* Directions: Once you find a line containing the word "shows" in the entries below, copy it.

* Collected data:
○ ○ ○ ○ ○
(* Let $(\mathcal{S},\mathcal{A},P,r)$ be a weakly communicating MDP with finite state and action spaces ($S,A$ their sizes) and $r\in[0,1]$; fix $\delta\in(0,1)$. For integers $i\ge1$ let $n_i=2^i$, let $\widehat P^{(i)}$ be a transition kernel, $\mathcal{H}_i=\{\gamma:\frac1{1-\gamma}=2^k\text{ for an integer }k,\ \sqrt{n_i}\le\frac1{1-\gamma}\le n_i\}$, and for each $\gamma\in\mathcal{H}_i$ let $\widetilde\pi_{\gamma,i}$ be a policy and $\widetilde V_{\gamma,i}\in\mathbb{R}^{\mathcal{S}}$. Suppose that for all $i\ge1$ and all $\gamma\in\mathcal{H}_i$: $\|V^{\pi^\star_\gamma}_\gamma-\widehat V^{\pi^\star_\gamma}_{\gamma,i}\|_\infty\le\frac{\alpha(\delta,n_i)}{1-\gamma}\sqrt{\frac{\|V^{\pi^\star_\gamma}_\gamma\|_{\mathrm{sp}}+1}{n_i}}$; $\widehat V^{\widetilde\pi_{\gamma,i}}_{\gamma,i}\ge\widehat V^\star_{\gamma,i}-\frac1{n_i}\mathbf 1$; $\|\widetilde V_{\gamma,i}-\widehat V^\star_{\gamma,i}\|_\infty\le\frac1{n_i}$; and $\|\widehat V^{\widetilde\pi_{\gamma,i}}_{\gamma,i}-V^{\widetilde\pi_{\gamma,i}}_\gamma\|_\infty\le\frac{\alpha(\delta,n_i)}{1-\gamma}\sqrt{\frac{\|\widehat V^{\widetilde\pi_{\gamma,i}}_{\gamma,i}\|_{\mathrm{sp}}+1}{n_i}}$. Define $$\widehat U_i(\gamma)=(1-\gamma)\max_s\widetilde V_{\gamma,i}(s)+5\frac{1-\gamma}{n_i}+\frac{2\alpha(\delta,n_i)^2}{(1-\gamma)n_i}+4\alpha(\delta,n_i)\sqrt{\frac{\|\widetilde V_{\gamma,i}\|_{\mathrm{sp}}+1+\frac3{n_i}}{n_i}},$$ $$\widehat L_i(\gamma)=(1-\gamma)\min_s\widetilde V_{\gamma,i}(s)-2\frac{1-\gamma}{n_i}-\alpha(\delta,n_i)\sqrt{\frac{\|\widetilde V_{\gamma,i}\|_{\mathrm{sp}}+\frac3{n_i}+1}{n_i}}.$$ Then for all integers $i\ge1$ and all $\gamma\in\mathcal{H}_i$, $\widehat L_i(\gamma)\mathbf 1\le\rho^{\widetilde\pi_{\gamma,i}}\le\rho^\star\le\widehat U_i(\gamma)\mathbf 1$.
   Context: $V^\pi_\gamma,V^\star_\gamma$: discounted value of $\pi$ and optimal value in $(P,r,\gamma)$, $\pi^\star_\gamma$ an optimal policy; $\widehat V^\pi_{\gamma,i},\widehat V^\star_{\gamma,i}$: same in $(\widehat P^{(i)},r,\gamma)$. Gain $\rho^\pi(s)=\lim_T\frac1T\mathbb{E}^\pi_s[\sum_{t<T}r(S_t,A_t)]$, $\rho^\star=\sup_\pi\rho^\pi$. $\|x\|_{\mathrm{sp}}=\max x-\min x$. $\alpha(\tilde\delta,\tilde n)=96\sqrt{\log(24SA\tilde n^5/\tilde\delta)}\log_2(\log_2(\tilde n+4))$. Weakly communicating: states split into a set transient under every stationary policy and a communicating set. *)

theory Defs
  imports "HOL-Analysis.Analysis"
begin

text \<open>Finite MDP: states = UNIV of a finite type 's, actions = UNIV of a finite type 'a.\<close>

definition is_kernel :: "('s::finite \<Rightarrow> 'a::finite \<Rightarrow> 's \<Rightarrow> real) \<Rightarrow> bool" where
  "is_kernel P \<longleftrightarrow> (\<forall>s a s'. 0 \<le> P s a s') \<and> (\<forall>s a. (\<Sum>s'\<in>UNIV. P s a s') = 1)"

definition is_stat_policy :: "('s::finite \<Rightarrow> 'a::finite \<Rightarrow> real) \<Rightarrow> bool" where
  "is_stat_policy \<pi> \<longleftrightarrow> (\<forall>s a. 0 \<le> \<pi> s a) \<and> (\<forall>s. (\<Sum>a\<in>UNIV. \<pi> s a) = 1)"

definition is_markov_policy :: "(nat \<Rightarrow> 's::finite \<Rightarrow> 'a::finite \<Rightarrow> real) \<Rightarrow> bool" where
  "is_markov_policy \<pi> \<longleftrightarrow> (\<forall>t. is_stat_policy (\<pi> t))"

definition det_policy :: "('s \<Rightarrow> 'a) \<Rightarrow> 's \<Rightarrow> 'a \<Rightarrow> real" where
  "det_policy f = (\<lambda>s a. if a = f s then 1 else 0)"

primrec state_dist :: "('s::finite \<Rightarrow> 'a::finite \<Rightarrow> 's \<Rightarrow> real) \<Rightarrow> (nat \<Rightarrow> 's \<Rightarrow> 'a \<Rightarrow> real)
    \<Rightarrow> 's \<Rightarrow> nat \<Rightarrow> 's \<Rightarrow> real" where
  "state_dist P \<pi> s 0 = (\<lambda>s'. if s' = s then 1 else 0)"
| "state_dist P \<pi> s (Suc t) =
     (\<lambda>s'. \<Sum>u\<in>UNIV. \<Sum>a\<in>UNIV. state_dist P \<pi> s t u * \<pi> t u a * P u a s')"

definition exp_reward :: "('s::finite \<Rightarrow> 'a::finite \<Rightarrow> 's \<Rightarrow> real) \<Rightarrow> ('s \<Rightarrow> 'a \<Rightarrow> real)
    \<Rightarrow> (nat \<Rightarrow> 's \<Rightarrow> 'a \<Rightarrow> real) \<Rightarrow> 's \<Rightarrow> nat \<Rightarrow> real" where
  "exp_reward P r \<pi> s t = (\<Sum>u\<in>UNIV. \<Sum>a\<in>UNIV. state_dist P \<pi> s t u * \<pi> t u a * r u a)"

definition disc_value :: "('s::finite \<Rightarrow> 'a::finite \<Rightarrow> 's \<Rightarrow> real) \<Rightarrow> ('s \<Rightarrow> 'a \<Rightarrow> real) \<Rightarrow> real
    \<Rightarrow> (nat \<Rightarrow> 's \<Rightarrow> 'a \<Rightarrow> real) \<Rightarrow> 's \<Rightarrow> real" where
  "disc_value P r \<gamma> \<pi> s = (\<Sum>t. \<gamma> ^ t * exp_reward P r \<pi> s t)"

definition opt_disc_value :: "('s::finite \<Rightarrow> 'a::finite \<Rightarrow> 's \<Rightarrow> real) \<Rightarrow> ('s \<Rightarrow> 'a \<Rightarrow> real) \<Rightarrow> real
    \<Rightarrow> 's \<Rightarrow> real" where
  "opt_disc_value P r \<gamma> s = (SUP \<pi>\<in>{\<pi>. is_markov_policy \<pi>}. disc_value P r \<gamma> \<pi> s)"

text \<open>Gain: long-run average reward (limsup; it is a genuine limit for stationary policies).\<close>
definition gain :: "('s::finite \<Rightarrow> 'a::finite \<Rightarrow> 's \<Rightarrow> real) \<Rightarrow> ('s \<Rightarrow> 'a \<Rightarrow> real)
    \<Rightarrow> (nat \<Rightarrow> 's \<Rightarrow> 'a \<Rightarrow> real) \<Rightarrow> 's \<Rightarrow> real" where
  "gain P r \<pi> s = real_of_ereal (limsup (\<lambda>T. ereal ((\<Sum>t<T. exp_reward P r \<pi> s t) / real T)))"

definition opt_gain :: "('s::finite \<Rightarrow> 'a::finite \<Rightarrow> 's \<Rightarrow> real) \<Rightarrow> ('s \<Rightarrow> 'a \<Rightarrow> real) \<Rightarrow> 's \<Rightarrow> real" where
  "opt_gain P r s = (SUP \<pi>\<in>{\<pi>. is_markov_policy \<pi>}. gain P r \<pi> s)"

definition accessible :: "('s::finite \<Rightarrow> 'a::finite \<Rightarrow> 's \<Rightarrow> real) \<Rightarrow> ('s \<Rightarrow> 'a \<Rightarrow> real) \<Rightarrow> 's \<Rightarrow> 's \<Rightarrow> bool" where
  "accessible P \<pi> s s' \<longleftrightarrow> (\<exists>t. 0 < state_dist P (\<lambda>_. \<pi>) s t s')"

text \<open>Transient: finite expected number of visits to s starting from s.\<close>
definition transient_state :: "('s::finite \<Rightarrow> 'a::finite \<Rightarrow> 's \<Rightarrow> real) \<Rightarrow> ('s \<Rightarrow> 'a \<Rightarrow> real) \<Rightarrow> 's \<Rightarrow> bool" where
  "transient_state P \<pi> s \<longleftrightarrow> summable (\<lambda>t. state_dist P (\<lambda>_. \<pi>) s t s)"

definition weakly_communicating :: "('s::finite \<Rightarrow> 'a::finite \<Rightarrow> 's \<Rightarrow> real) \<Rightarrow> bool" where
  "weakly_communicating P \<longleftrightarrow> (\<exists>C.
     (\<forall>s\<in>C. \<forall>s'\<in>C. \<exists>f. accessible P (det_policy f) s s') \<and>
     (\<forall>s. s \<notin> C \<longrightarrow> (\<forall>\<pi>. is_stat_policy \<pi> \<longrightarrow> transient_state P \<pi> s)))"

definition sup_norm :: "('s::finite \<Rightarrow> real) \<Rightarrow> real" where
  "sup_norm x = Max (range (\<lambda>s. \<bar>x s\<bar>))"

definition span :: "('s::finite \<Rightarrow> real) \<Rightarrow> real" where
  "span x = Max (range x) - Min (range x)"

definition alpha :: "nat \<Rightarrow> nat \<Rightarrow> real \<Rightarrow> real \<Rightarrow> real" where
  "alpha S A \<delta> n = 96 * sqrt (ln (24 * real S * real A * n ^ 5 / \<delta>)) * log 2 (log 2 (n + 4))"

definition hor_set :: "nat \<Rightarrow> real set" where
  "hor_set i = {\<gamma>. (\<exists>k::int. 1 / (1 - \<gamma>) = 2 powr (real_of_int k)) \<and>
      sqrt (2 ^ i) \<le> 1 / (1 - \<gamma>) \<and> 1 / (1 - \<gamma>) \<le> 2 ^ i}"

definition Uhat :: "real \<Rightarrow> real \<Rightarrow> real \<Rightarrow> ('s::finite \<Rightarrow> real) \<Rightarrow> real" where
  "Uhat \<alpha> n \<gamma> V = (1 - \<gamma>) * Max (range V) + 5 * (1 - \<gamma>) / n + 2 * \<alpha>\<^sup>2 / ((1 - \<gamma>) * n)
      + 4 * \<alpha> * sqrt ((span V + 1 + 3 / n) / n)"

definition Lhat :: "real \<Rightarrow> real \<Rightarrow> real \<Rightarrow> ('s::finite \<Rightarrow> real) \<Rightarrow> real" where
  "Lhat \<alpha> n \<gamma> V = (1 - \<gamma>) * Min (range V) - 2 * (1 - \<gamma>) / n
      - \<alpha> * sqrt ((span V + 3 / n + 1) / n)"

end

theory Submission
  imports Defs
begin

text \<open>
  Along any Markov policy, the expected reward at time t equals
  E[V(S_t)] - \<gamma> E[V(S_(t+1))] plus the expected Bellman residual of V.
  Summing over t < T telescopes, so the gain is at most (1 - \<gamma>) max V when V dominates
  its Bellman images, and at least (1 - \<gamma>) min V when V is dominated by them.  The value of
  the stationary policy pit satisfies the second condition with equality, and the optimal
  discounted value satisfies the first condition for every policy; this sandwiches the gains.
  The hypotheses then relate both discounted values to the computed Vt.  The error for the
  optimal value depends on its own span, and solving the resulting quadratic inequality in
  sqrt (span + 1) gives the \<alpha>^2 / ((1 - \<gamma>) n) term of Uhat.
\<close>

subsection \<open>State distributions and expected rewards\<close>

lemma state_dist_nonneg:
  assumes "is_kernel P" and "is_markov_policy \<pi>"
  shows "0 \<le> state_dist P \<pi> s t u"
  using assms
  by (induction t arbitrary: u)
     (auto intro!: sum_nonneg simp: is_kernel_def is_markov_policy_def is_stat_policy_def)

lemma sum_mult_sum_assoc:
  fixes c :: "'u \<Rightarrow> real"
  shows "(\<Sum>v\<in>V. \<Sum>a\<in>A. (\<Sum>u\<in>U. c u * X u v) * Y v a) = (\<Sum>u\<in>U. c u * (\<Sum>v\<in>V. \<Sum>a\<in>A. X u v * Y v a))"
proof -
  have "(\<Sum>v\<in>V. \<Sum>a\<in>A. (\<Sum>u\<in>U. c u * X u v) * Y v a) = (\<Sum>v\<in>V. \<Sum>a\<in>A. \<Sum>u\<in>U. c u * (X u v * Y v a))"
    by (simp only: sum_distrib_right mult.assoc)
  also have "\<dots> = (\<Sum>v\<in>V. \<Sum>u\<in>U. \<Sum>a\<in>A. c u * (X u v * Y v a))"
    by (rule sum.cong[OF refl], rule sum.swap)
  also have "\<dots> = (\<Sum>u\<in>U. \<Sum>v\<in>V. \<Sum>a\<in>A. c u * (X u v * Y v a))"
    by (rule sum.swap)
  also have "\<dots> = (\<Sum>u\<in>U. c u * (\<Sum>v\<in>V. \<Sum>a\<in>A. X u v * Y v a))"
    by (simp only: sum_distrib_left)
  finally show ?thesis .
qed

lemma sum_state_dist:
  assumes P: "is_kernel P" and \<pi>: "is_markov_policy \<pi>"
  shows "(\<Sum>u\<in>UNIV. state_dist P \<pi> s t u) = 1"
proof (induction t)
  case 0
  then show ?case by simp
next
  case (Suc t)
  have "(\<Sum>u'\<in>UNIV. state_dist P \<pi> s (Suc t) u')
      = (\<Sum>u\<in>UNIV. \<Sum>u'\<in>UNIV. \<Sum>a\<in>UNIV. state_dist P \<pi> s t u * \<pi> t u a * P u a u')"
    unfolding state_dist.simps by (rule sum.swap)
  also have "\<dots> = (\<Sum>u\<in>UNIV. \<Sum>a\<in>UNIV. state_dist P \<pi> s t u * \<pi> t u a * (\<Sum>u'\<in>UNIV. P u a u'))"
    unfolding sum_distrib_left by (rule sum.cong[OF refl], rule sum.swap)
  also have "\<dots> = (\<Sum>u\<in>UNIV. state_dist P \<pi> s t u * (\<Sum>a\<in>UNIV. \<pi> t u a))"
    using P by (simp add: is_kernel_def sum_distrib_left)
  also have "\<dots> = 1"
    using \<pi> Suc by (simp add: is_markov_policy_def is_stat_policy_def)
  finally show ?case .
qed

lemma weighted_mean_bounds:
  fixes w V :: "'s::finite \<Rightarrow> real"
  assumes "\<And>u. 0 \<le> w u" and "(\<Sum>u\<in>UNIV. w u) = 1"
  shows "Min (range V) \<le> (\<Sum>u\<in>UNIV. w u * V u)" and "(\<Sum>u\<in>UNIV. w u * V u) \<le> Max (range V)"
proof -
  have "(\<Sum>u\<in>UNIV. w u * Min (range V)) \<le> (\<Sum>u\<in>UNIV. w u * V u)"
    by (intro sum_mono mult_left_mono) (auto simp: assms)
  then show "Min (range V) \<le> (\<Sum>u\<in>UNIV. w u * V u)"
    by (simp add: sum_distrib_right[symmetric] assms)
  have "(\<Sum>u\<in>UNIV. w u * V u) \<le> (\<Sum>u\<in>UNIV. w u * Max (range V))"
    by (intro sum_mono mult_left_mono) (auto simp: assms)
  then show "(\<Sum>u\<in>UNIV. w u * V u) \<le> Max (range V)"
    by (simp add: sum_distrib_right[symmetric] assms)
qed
○ ○ ○ ○ ○
* Answer:
  shows "0 \<le> state_dist P \<pi> s t u"
  shows "(\<Sum>v\<in>V. \<Sum>a\<in>A. (\<Sum>u\<in>U. c u * X u v) * Y v a) = (\<Sum>u\<in>U. c u * (\<Sum>v\<in>V. \<Sum>a\<in>A. X u v * Y v a))"
  shows "(\<Sum>u\<in>UNIV. state_dist P \<pi> s t u) = 1"
  shows "Min (range V) \<le> (\<Sum>u\<in>UNIV. w u * V u)" and "(\<Sum>u\<in>UNIV. w u * V u) \<le> Max (range V)"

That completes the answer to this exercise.